• **What the task requires**:
Within the records, how many lines hold the word "open"? State that number alone.

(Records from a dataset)
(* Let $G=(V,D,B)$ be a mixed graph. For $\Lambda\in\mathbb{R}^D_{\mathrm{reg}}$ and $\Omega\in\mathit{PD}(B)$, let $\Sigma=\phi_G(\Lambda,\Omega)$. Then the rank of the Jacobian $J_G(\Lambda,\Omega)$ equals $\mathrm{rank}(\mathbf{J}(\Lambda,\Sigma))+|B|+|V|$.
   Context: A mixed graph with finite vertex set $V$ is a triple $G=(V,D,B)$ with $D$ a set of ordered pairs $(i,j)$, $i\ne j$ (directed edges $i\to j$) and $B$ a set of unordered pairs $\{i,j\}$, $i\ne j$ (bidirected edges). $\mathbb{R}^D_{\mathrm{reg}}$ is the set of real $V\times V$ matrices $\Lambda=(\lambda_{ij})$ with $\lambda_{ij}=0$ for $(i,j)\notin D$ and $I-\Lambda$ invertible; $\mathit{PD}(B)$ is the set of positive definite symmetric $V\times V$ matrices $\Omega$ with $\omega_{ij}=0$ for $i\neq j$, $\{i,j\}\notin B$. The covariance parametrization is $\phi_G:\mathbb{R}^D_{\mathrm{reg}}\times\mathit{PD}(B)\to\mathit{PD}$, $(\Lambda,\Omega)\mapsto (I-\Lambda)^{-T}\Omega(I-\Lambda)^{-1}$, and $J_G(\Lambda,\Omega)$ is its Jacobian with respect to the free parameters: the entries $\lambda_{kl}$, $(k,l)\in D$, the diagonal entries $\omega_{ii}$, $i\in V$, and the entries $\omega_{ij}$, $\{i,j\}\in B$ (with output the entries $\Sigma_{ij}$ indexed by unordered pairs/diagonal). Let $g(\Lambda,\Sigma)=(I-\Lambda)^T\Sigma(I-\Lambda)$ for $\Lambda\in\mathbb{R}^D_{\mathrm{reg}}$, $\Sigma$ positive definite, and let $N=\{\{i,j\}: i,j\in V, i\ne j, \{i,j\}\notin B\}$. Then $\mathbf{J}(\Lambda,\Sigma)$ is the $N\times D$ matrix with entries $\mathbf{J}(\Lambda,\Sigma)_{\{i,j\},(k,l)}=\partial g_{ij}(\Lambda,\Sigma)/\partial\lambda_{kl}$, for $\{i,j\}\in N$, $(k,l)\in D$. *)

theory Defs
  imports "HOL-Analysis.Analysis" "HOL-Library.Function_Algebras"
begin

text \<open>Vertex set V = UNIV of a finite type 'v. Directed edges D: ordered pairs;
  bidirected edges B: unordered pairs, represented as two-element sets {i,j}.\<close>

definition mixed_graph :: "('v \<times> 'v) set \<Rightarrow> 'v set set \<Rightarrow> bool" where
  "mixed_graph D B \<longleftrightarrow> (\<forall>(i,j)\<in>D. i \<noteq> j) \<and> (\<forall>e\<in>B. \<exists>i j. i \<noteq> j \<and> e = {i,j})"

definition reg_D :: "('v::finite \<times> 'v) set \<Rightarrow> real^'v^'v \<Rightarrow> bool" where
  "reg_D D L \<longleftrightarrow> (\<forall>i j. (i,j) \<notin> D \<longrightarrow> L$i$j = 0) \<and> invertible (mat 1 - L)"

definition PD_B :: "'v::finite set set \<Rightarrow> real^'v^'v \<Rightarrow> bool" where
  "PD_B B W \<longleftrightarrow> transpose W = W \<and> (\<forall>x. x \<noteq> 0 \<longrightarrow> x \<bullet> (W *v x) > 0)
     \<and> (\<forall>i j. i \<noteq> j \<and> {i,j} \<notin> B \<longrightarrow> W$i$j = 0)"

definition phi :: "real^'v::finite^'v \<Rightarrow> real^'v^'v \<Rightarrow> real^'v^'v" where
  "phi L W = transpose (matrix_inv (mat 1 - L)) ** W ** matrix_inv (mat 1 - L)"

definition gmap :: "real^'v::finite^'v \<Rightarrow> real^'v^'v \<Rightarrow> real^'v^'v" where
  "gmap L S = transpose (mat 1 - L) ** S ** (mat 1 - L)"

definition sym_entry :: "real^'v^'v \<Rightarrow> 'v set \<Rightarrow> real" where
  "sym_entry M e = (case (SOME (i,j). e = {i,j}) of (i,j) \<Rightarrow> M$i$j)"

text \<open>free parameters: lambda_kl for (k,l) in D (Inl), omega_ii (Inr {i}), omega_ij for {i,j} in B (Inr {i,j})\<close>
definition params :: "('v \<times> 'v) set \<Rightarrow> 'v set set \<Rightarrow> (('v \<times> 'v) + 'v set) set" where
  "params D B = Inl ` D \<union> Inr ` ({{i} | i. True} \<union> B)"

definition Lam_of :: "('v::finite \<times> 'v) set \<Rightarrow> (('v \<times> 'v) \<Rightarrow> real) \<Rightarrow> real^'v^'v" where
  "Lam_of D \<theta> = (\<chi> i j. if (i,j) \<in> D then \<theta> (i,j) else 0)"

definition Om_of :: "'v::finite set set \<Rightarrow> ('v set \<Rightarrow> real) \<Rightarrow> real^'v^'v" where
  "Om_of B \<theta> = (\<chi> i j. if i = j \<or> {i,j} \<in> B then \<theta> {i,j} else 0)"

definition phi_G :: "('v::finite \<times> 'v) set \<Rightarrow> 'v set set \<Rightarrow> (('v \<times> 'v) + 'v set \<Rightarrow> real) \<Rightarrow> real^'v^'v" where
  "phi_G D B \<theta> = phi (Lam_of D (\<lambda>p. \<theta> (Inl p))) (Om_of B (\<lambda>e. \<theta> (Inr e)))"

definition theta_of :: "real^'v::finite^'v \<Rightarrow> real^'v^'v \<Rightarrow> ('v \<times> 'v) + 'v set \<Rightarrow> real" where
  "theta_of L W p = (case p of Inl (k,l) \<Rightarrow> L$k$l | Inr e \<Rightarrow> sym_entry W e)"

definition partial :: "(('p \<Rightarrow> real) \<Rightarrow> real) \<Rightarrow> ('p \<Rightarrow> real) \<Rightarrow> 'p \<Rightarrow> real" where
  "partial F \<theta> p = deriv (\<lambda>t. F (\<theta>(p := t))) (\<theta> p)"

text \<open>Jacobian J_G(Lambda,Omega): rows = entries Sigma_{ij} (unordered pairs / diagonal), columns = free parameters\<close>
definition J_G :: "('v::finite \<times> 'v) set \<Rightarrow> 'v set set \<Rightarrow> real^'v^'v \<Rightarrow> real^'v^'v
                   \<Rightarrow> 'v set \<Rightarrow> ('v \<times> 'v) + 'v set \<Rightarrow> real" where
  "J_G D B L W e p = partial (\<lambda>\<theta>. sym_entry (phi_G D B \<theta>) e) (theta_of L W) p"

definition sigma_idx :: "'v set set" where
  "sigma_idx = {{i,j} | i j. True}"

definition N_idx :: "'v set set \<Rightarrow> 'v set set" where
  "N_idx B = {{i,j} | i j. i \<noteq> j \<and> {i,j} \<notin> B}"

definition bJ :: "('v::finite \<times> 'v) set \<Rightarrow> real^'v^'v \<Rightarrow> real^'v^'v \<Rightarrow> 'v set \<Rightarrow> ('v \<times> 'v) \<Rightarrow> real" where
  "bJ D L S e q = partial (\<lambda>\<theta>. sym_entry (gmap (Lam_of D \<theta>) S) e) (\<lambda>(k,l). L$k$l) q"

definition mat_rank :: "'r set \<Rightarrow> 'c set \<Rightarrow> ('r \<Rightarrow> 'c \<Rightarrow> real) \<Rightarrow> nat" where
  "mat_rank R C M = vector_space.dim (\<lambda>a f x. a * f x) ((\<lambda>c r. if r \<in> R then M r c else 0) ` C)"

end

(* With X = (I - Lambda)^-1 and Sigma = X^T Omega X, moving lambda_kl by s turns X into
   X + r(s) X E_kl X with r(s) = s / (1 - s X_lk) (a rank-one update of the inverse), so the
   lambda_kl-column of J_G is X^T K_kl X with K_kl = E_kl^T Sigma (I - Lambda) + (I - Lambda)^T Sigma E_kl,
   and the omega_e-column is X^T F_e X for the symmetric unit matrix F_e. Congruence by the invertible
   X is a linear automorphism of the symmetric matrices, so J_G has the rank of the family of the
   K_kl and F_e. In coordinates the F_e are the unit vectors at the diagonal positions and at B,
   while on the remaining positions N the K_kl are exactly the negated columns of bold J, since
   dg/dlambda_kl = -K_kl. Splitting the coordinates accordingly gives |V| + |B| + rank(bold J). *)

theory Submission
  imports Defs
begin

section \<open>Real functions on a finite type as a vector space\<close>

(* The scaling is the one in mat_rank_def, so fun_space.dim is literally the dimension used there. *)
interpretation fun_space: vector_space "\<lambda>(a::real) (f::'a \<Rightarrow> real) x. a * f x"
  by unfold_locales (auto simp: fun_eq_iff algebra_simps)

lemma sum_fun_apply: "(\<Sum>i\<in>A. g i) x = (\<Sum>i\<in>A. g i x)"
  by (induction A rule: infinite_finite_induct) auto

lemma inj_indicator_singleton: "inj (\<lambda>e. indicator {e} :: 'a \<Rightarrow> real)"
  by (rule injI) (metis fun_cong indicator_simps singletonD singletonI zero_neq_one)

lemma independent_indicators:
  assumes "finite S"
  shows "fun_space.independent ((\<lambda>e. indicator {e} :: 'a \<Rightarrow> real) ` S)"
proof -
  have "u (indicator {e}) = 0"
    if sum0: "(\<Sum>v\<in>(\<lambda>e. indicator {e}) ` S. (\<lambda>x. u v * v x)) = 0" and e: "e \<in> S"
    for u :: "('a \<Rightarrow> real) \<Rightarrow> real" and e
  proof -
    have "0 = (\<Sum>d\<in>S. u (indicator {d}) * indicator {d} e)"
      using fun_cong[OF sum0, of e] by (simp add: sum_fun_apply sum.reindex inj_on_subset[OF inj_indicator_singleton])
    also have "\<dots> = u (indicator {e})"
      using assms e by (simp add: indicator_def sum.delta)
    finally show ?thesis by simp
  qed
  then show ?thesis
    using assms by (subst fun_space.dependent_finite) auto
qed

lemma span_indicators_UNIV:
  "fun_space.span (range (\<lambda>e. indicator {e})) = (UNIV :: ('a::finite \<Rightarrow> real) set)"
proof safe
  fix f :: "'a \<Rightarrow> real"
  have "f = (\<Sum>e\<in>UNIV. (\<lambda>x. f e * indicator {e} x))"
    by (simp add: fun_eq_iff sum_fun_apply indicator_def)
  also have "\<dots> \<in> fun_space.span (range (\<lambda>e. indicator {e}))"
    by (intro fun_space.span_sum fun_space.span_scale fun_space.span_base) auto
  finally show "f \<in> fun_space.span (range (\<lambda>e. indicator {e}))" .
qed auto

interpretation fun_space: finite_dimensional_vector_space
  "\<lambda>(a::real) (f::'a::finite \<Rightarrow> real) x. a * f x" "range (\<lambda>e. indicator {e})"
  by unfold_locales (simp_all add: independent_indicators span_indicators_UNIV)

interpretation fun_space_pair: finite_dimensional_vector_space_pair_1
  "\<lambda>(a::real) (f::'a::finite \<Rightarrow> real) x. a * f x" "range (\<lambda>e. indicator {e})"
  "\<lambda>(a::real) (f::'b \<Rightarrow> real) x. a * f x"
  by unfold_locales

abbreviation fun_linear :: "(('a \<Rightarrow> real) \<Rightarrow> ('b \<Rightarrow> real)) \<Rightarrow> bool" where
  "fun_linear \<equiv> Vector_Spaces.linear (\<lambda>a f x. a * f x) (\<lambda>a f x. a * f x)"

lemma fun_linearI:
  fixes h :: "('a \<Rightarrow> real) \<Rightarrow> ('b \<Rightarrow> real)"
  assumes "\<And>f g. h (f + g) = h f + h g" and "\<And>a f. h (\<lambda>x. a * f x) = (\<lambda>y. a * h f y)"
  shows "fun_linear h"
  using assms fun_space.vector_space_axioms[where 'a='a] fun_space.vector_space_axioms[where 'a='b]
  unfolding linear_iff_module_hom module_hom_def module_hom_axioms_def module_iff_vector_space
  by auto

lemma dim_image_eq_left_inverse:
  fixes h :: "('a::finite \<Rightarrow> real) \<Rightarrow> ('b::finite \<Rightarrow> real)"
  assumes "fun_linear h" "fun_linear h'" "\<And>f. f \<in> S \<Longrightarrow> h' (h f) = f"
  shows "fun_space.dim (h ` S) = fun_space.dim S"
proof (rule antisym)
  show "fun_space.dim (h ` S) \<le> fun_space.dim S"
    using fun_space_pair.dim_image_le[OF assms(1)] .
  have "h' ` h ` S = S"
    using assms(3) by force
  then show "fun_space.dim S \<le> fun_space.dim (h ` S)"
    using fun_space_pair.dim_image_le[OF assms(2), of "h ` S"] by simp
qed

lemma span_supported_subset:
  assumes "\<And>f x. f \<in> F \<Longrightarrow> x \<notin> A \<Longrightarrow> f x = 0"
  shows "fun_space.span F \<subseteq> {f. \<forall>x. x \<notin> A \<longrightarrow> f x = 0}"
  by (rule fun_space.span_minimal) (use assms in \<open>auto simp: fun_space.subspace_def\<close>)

• **Written reply**:
5